Boissonnet often combines the entrenched meaning of maps and globes with symbolic imagery of tools and actions to create systems of meaning in his installations.  The painter’s palette is a recurring accessory that he uses to suggest the artistic practice of image creation. 

This is his first artwork using imagery of the brain. The digital tensor imagery is a recording of neuronal connections which the artist relates to Marcel Duchamp and the idea that the brain of the viewer at the end establishes the meaning and the work as ‘art’. 

 

HOLOGRAPHIC TECHNICAL SUPPORT: Atelier Holographique de Paris / with special thanks to Pascal Gauchet
DIGITAL IMAGERY SUPPORT: Lausanne EPF & University of Geneva/ with special thanks to Vanessa  Siffredi and Silvia Obertino

 

 

Philippe Boissonnet, Artist Holo Memories

€8,000.00Price
  • Philippe Boissonnet creates installations of artworks that encompass several forms of artistic expression:  drawing, photography, sculpture, holography, video and digital imagery. A selection of these installations with holograms were brought together for his exhibition ‘Uncertain Worlds’ (2014) at the HoloCenter – Long Island City Clock Tower Gallery, New York. In 2017 he participated in ‘The Transparent Travel’ a performance of artists with their artwork in plexiglass rolling suitcases in public spaces around Venice and Manhattan, curated by The Two Gullivers.

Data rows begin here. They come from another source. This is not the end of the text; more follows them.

(* Let $p\ge1$, $k\ge1$, $r\in\{0,\dots,p\}$, and suppose $(c,\{f_i\}_{i=0}^k)$ belongs to $\mathcal M_r(\alpha,\bar b,\bar\rho)$ with associated set $\mathcal B$. Then the model $(c^*,\{f_i^*\}_{i=0}^k)$ with $c^*=c$ and $f_i^*=f_i\circ f_0^{-1}$ for $i=0,\dots,k$ belongs to $\mathcal M_r^*(\alpha,\bar b,\bar\rho)$, with $g_i^*=g_i\circ f_0^{-1}$ for $i=0,\dots,k-1$, $\pi^*=\pi\circ f_0^{-1}$, and $\chi^*=(\psi^{*\top},\theta^{*\top})^\top=((\psi\circ f_0^{-1})^\top,(\theta\circ f_0^{-1})^\top)^\top=\chi\circ f_0^{-1}$ (starred objects being those associated with the starred model). Moreover, one may take $\mathcal B^*=\mathcal B$, where $\mathcal B$ and $\mathcal B^*$ are the sets in condition (iii) for the two models respectively.
   Context: Model: for $c\in\mathbb R^p$ and maps $f_0,\dots,f_k:\mathbb R^p\to\mathbb R^p$ with $f_i(0)=0$, the VAR $f_0(z_t)=c+\sum_{i=1}^k f_i(z_{t-i})+u_t$. (When $k=1$, blocks indexed by $1,\dots,k-1$ are empty.) Define $g_j(z)=-\sum_{i=j+1}^k f_i(z)$; $\pi(z)=-f_0(z)+\sum_{i=1}^k f_i(z)$; $\mathbf g=(g_1^\top,\dots,g_{k-1}^\top)^\top$. $D\in\mathbb R^{p(k-1)\times p(k-1)}$ has $-I_p$ diagonal blocks, $I_p$ blocks immediately above the diagonal, zeros elsewhere; $E=(I_p,0_{p\times p(k-2)})^\top$. $\alpha_\perp$ is $p\times(p-r)$ of rank $p-r$ with $\alpha_\perp^\top\alpha=0$; $\boldsymbol\alpha=\begin{bmatrix}\alpha & E^\top\\ 0 & I_{p(k-1)}\end{bmatrix}$; for $\theta:\mathbb R^p\to\mathbb R^r$, $\boldsymbol\theta=(\theta^\top,\mathbf g^\top)^\top$, $\mathbf D_0=\begin{bmatrix}0_{r\times p}&0\\0&D\end{bmatrix}$. $\rho_{JSR}(\mathcal A)=\limsup_{t}\sup\{\rho(M_1\cdots M_t)^{1/t}:M_s\in\mathcal A\}$. Class $\mathcal M_r(\alpha,\bar b,\bar\rho)$ ($\alpha\in\mathbb R^{p\times r}$ of rank $r$, $\bar b\in\mathbb R$, $\bar\rho\in[0,1)$): (i) $f_0$ is a homeomorphism of $\mathbb R^p$; (ii) there exist $\mu\in\mathbb R^r$, $\theta:\mathbb R^p\to\mathbb R^r$ with $c=\alpha\mu$, $\pi=\alpha\theta$; (iii) there is a closed $\mathcal B\subset\mathbb R^{kp\times[p(k-1)+r]}$ with $\max_{\mathcal B}\|\boldsymbol\beta\|\le\bar b$ and $\rho_{JSR}(\{I+\boldsymbol\beta^\top\boldsymbol\alpha:\boldsymbol\beta\in\mathcal B\})\le\bar\rho$, such that for all $\mathbf z=(z^\top,\boldsymbol\zeta^\top)^\top,\mathbf z'\in\mathbb R^{kp}$ some $\boldsymbol\beta\in\mathcal B$ satisfies $[\boldsymbol\theta(f_0^{-1}(z))+\mathbf D_0\mathbf z]-[\boldsymbol\theta(f_0^{-1}(z'))+\mathbf D_0\mathbf z']=\boldsymbol\beta^\top(\mathbf z-\mathbf z')$. $\mathcal M_r^*(\alpha,\bar b,\bar\rho)$ is the subclass with $f_0$ the identity. $\psi(z)=\alpha_\perp^\top[f_0(z)-\sum_{i=1}^{k-1}g_i(z)]$, $\chi=(\psi^\top,\theta^\top)^\top$. *)

theory Defs
  imports "Jordan_Normal_Form.Spectral_Radius" "Jordan_Normal_Form.DL_Rank"
    "HOL-Library.Liminf_Limsup" "HOL-Library.Extended_Real"
begin

definition vnorm :: "real vec \<Rightarrow> real" where
  "vnorm v = sqrt (\<Sum>i<dim_vec v. (v $ i)^2)"

definition vcont_on :: "nat \<Rightarrow> nat \<Rightarrow> (real vec \<Rightarrow> real vec) \<Rightarrow> bool" where
  "vcont_on n m h \<longleftrightarrow> (\<forall>x\<in>carrier_vec n. h x \<in> carrier_vec m \<and>
     (\<forall>e>0. \<exists>d>0. \<forall>y\<in>carrier_vec n. vnorm (y - x) < d \<longrightarrow> vnorm (h y - h x) < e))"

definition vhomeo :: "nat \<Rightarrow> (real vec \<Rightarrow> real vec) \<Rightarrow> bool" where
  "vhomeo n h \<longleftrightarrow> bij_betw h (carrier_vec n) (carrier_vec n) \<and> vcont_on n n h
     \<and> vcont_on n n (inv_into (carrier_vec n) h)"

definition mnorm :: "real mat \<Rightarrow> real" where
  "mnorm A = Sup {vnorm (A *\<^sub>v x) | x. x \<in> carrier_vec (dim_col A) \<and> vnorm x \<le> 1}"

definition mat_closed :: "nat \<Rightarrow> nat \<Rightarrow> real mat set \<Rightarrow> bool" where
  "mat_closed n m B \<longleftrightarrow> B \<subseteq> carrier_mat n m \<and>
     (\<forall>s L. (\<forall>t. s t \<in> B) \<longrightarrow> L \<in> carrier_mat n m \<longrightarrow>
        (\<forall>i<n. \<forall>j<m. (\<lambda>t. s t $$ (i,j)) \<longlonglongrightarrow> L $$ (i,j)) \<longrightarrow> L \<in> B)"

definition rspec_rad :: "real mat \<Rightarrow> real" where
  "rspec_rad M = spectral_radius (map_mat complex_of_real M)"

definition jsr :: "nat \<Rightarrow> real mat set \<Rightarrow> ereal" where
  "jsr n A = limsup (\<lambda>t. SUP ms\<in>{ms. length ms = t \<and> set ms \<subseteq> A}.
       ereal (root t (rspec_rad (foldr (*) ms (1\<^sub>m n)))))"

definition gfun :: "nat \<Rightarrow> nat \<Rightarrow> (nat \<Rightarrow> real vec \<Rightarrow> real vec) \<Rightarrow> nat \<Rightarrow> real vec \<Rightarrow> real vec" where
  "gfun p k f j z = vec p (\<lambda>l. - (\<Sum>i\<in>{j+1..k}. f i z $ l))"

definition pifun :: "nat \<Rightarrow> nat \<Rightarrow> (nat \<Rightarrow> real vec \<Rightarrow> real vec) \<Rightarrow> real vec \<Rightarrow> real vec" where
  "pifun p k f z = vec p (\<lambda>l. - (f 0 z $ l) + (\<Sum>i\<in>{1..k}. f i z $ l))"

text \<open>stacked (g_1,...,g_{k-1}) in R^(p(k-1))\<close>
definition gbold :: "nat \<Rightarrow> nat \<Rightarrow> (nat \<Rightarrow> real vec \<Rightarrow> real vec) \<Rightarrow> real vec \<Rightarrow> real vec" where
  "gbold p k f z = vec (p*(k-1)) (\<lambda>l. gfun p k f (l div p + 1) z $ (l mod p))"

definition Dmat :: "nat \<Rightarrow> nat \<Rightarrow> real mat" where
  "Dmat p k = mat (p*(k-1)) (p*(k-1)) (\<lambda>(a,b).
     if a mod p = b mod p \<and> a div p = b div p then -1
     else if a mod p = b mod p \<and> b div p = a div p + 1 then 1 else 0)"

definition Emat :: "nat \<Rightarrow> nat \<Rightarrow> real mat" where
  "Emat p k = mat (p*(k-1)) p (\<lambda>(a,b). if a = b then 1 else 0)"

definition alpha_bold :: "nat \<Rightarrow> nat \<Rightarrow> nat \<Rightarrow> real mat \<Rightarrow> real mat" where
  "alpha_bold p k r \<alpha> = four_block_mat \<alpha> (transpose_mat (Emat p k))
      (0\<^sub>m (p*(k-1)) r) (1\<^sub>m (p*(k-1)))"

definition D0mat :: "nat \<Rightarrow> nat \<Rightarrow> nat \<Rightarrow> real mat" where
  "D0mat p k r = four_block_mat (0\<^sub>m r p) (0\<^sub>m r (p*(k-1))) (0\<^sub>m (p*(k-1)) p) (Dmat p k)"

definition theta_bold :: "nat \<Rightarrow> nat \<Rightarrow> (nat \<Rightarrow> real vec \<Rightarrow> real vec) \<Rightarrow> (real vec \<Rightarrow> real vec)
    \<Rightarrow> real vec \<Rightarrow> real vec" where
  "theta_bold p k f \<theta> z = \<theta> z @\<^sub>v gbold p k f z"

definition psifun :: "nat \<Rightarrow> nat \<Rightarrow> (nat \<Rightarrow> real vec \<Rightarrow> real vec) \<Rightarrow> real mat \<Rightarrow> real vec \<Rightarrow> real vec" where
  "psifun p k f \<alpha>perp z = transpose_mat \<alpha>perp *\<^sub>v
     vec p (\<lambda>l. f 0 z $ l - (\<Sum>i\<in>{1..k-1}. gfun p k f i z $ l))"

definition chifun :: "nat \<Rightarrow> nat \<Rightarrow> (nat \<Rightarrow> real vec \<Rightarrow> real vec) \<Rightarrow> real mat \<Rightarrow> (real vec \<Rightarrow> real vec)
    \<Rightarrow> real vec \<Rightarrow> real vec" where
  "chifun p k f \<alpha>perp \<theta> z = psifun p k f \<alpha>perp z @\<^sub>v \<theta> z"

text \<open>Membership of (c, f) in M_r(alpha, bbar, rhobar), with explicit witnesses mu, theta, B
  for conditions (ii) and (iii).\<close>
definition in_M_with :: "nat \<Rightarrow> nat \<Rightarrow> nat \<Rightarrow> real mat \<Rightarrow> real \<Rightarrow> real \<Rightarrow> real vec
    \<Rightarrow> (nat \<Rightarrow> real vec \<Rightarrow> real vec) \<Rightarrow> real vec \<Rightarrow> (real vec \<Rightarrow> real vec) \<Rightarrow> real mat set \<Rightarrow> bool" where
  "in_M_with p k r \<alpha> bb rho c f \<mu> \<theta> B \<longleftrightarrow>
     \<comment> \<open>standing assumptions on the model\<close>
     c \<in> carrier_vec p \<and>
     (\<forall>i\<le>k. (\<forall>z\<in>carrier_vec p. f i z \<in> carrier_vec p) \<and> f i (0\<^sub>v p) = 0\<^sub>v p) \<and>
     \<comment> \<open>(i)\<close>
     vhomeo p (f 0) \<and>
     \<comment> \<open>(ii)\<close>
     \<mu> \<in> carrier_vec r \<and> (\<forall>z\<in>carrier_vec p. \<theta> z \<in> carrier_vec r) \<and>
     c = \<alpha> *\<^sub>v \<mu> \<and> (\<forall>z\<in>carrier_vec p. pifun p k f z = \<alpha> *\<^sub>v \<theta> z) \<and>
     \<comment> \<open>(iii)\<close>
     mat_closed (k*p) (p*(k-1)+r) B \<and>
     (\<forall>\<beta>\<in>B. mnorm \<beta> \<le> bb) \<and>
     jsr (r + p*(k-1)) ((\<lambda>\<beta>. 1\<^sub>m (r + p*(k-1)) + transpose_mat \<beta> * alpha_bold p k r \<alpha>) ` B) \<le> ereal rho \<and>
     (\<forall>zz\<in>carrier_vec (k*p). \<forall>zz'\<in>carrier_vec (k*p). \<exists>\<beta>\<in>B.
        (theta_bold p k f \<theta> (inv_into (carrier_vec p) (f 0) (vec_first zz p)) + D0mat p k r *\<^sub>v zz)
      - (theta_bold p k f \<theta> (inv_into (carrier_vec p) (f 0) (vec_first zz' p)) + D0mat p k r *\<^sub>v zz')
      = transpose_mat \<beta> *\<^sub>v (zz - zz'))"

definition in_M :: "nat \<Rightarrow> nat \<Rightarrow> nat \<Rightarrow> real mat \<Rightarrow> real \<Rightarrow> real \<Rightarrow> real vec
    \<Rightarrow> (nat \<Rightarrow> real vec \<Rightarrow> real vec) \<Rightarrow> bool" where
  "in_M p k r \<alpha> bb rho c f \<longleftrightarrow> (\<exists>\<mu> \<theta> B. in_M_with p k r \<alpha> bb rho c f \<mu> \<theta> B)"

definition in_Mstar_with :: "nat \<Rightarrow> nat \<Rightarrow> nat \<Rightarrow> real mat \<Rightarrow> real \<Rightarrow> real \<Rightarrow> real vec
    \<Rightarrow> (nat \<Rightarrow> real vec \<Rightarrow> real vec) \<Rightarrow> real vec \<Rightarrow> (real vec \<Rightarrow> real vec) \<Rightarrow> real mat set \<Rightarrow> bool" where
  "in_Mstar_with p k r \<alpha> bb rho c f \<mu> \<theta> B \<longleftrightarrow>
     in_M_with p k r \<alpha> bb rho c f \<mu> \<theta> B \<and> (\<forall>z\<in>carrier_vec p. f 0 z = z)"

definition in_Mstar :: "nat \<Rightarrow> nat \<Rightarrow> nat \<Rightarrow> real mat \<Rightarrow> real \<Rightarrow> real \<Rightarrow> real vec
    \<Rightarrow> (nat \<Rightarrow> real vec \<Rightarrow> real vec) \<Rightarrow> bool" where
  "in_Mstar p k r \<alpha> bb rho c f \<longleftrightarrow> (\<exists>\<mu> \<theta> B. in_Mstar_with p k r \<alpha> bb rho c f \<mu> \<theta> B)"

end

theory Submission
  imports Defs
begin

text \<open>Precomposing every f i with the inverse of the homeomorphism f 0 turns f 0 into the
  identity, and all derived objects (g, \<pi>, \<psi>, \<chi>, the stacked \<theta>) transform by the same
  precomposition, since each is built pointwise from the values f i z. Condition (iii) only
  involves f through \<theta> and g evaluated at the preimage of a point under f 0, and these
  composites are unchanged by the substitution, so the same set B serves for the new model.\<close>

lemma vcont_on_id_on:
  assumes "\<And>z. z \<in> carrier_vec n \<Longrightarrow> h z = z"
  shows "vcont_on n n h"
  unfolding vcont_on_def using assms by simp blast

lemma inv_into_id_on:
  assumes "\<And>z. z \<in> A \<Longrightarrow> h z = z" and "w \<in> A"
  shows "inv_into A h w = w"
proof (rule inv_into_f_eq)
  show "inj_on h A" using assms(1) by (metis inj_on_def)
qed (use assms in auto)

lemma vhomeo_id_on:
  assumes id: "\<And>z. z \<in> carrier_vec n \<Longrightarrow> h z = z"
  shows "vhomeo n h"
proof -
  have "bij_betw h (carrier_vec n) (carrier_vec n)"
    using bij_betw_cong[of "carrier_vec n" h id] id by simp
  moreover have "vcont_on n n (inv_into (carrier_vec n) h)"
    by (rule vcont_on_id_on) (rule inv_into_id_on[OF id])
  ultimately show ?thesis
    unfolding vhomeo_def using vcont_on_id_on[OF id] by blast
qed

lemma gfun_comp: "gfun p k (\<lambda>i. f i \<circ> \<phi>) j z = gfun p k f j (\<phi> z)"
  unfolding gfun_def by simp

lemma pifun_comp: "pifun p k (\<lambda>i. f i \<circ> \<phi>) z = pifun p k f (\<phi> z)"
  unfolding pifun_def by simp

lemma gbold_comp: "gbold p k (\<lambda>i. f i \<circ> \<phi>) z = gbold p k f (\<phi> z)"
  unfolding gbold_def gfun_comp ..

lemma theta_bold_comp: "theta_bold p k (\<lambda>i. f i \<circ> \<phi>) (\<theta> \<circ> \<phi>) z = theta_bold p k f \<theta> (\<phi> z)"
  unfolding theta_bold_def gbold_comp by simp

lemma psifun_comp: "psifun p k (\<lambda>i. f i \<circ> \<phi>) \<alpha>perp z = psifun p k f \<alpha>perp (\<phi> z)"
  unfolding psifun_def gfun_comp by simp

lemma chifun_comp:
  "chifun p k (\<lambda>i. f i \<circ> \<phi>) \<alpha>perp (\<theta> \<circ> \<phi>) z = chifun p k f \<alpha>perp \<theta> (\<phi> z)"
  unfolding chifun_def psifun_comp by simp

lemma in_Mstar_with_comp_inv:
  assumes M: "in_M_with p k r \<alpha> bb rho c f \<mu> \<theta> B"
  defines "finv \<equiv> inv_into (carrier_vec p) (f 0)"
  shows "in_Mstar_with p k r \<alpha> bb rho c (\<lambda>i. f i \<circ> finv) \<mu> (\<theta> \<circ> finv) B"
proof -
  let ?fstar = "\<lambda>i. f i \<circ> finv"
  have bij: "bij_betw (f 0) (carrier_vec p) (carrier_vec p)"
    using M unfolding in_M_with_def vhomeo_def by blast
  have finv_in: "finv z \<in> carrier_vec p" if "z \<in> carrier_vec p" for z
    using bij_betw_apply[OF bij_betw_inv_into[OF bij] that] unfolding finv_def .
  have fstar0_id: "?fstar 0 z = z" if "z \<in> carrier_vec p" for z
    using bij_betw_inv_into_right[OF bij that] unfolding finv_def by simp
  have finv0: "finv (0\<^sub>v p) = 0\<^sub>v p"
    using M bij_betw_inv_into_left[OF bij, of "0\<^sub>v p"] unfolding in_M_with_def finv_def by simp
  have theta_bold_star: "theta_bold p k ?fstar (\<theta> \<circ> finv)
      (inv_into (carrier_vec p) (?fstar 0) (vec_first zz p))
    = theta_bold p k f \<theta> (finv (vec_first zz p))"
    for zz :: "real vec"
    by (simp add: inv_into_id_on[OF fstar0_id] theta_bold_comp)
  have "in_M_with p k r \<alpha> bb rho c ?fstar \<mu> (\<theta> \<circ> finv) B"
    unfolding in_M_with_def theta_bold_star pifun_comp
  proof (intro conjI)
    show "vhomeo p (?fstar 0)"
      by (rule vhomeo_id_on) (rule fstar0_id)
    show "\<forall>i\<le>k. (\<forall>z\<in>carrier_vec p. ?fstar i z \<in> carrier_vec p) \<and> ?fstar i (0\<^sub>v p) = 0\<^sub>v p"
      using M finv_in finv0 unfolding in_M_with_def by simp
  qed (use M finv_in in \<open>auto simp: in_M_with_def finv_def\<close>)
  then show ?thesis
    unfolding in_Mstar_with_def using fstar0_id by blast
qed

theorem lemmaB2:
  fixes p k r :: nat and \<alpha> :: "real mat" and bb rho :: real and c :: "real vec"
    and f :: "nat \<Rightarrow> real vec \<Rightarrow> real vec" and \<mu> :: "real vec"
    and \<theta> :: "real vec \<Rightarrow> real vec" and B :: "real mat set"
  defines "finv \<equiv> inv_into (carrier_vec p) (f 0)"
  defines "fstar \<equiv> (\<lambda>i. f i \<circ> finv)"
  assumes "p \<ge> 1" and "k \<ge> 1" and "r \<le> p"
    and "\<alpha> \<in> carrier_mat p r" and "vec_space.rank p \<alpha> = r"
    and "0 \<le> rho" and "rho < 1"
    and "in_M_with p k r \<alpha> bb rho c f \<mu> \<theta> B"
  shows "in_Mstar_with p k r \<alpha> bb rho c fstar \<mu> (\<theta> \<circ> finv) B
    \<and> (\<forall>i<k. \<forall>z\<in>carrier_vec p. gfun p k fstar i z = gfun p k f i (finv z))
    \<and> (\<forall>z\<in>carrier_vec p. pifun p k fstar z = pifun p k f (finv z))
    \<and> (\<forall>\<alpha>perp. \<alpha>perp \<in> carrier_mat p (p - r) \<and> vec_space.rank p \<alpha>perp = p - r
          \<and> transpose_mat \<alpha>perp * \<alpha> = 0\<^sub>m (p - r) r \<longrightarrow>
         (\<forall>z\<in>carrier_vec p.
            psifun p k fstar \<alpha>perp z = psifun p k f \<alpha>perp (finv z)
          \<and> chifun p k fstar \<alpha>perp (\<theta> \<circ> finv) z = chifun p k f \<alpha>perp \<theta> (finv z)))"
  using in_Mstar_with_comp_inv[OF assms(10)]
  unfolding fstar_def finv_def gfun_comp pifun_comp psifun_comp chifun_comp
  by simp

end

    Boissonnet’s artwork has been exhibited in a number of group and solo exhibitions in Canada, United States, Colombia, Mexico, Colombia, Australia, Japan, and Europe. In 1983 he received the Elisabeth Greenshields Foundation award for his works combining drawing and photocopier images and a Shearwater Foundation award for his holographic art in 1998.

    Philippe Boissonnet was born in France where he studied visual arts in Angers (Fine Arts School) and Paris (University La Sorbonne). He migrated to Montreal in 1985 where he completed his PhD in arts at UQAM (2013).  Since 1993, he has been a professor of visual and media arts at the Université du Québec à Trois-Rivières.  Boissonnet has been part of several artist‐in‐residency programs such as The Fringe Research Holographics Lab (Toronto, 1984–1985), the Dirección Nacional del Antártico (Argentina, 2007) and the HoloCenter Pulse Laser Holography Studio at Ohio State University (USA, 2012).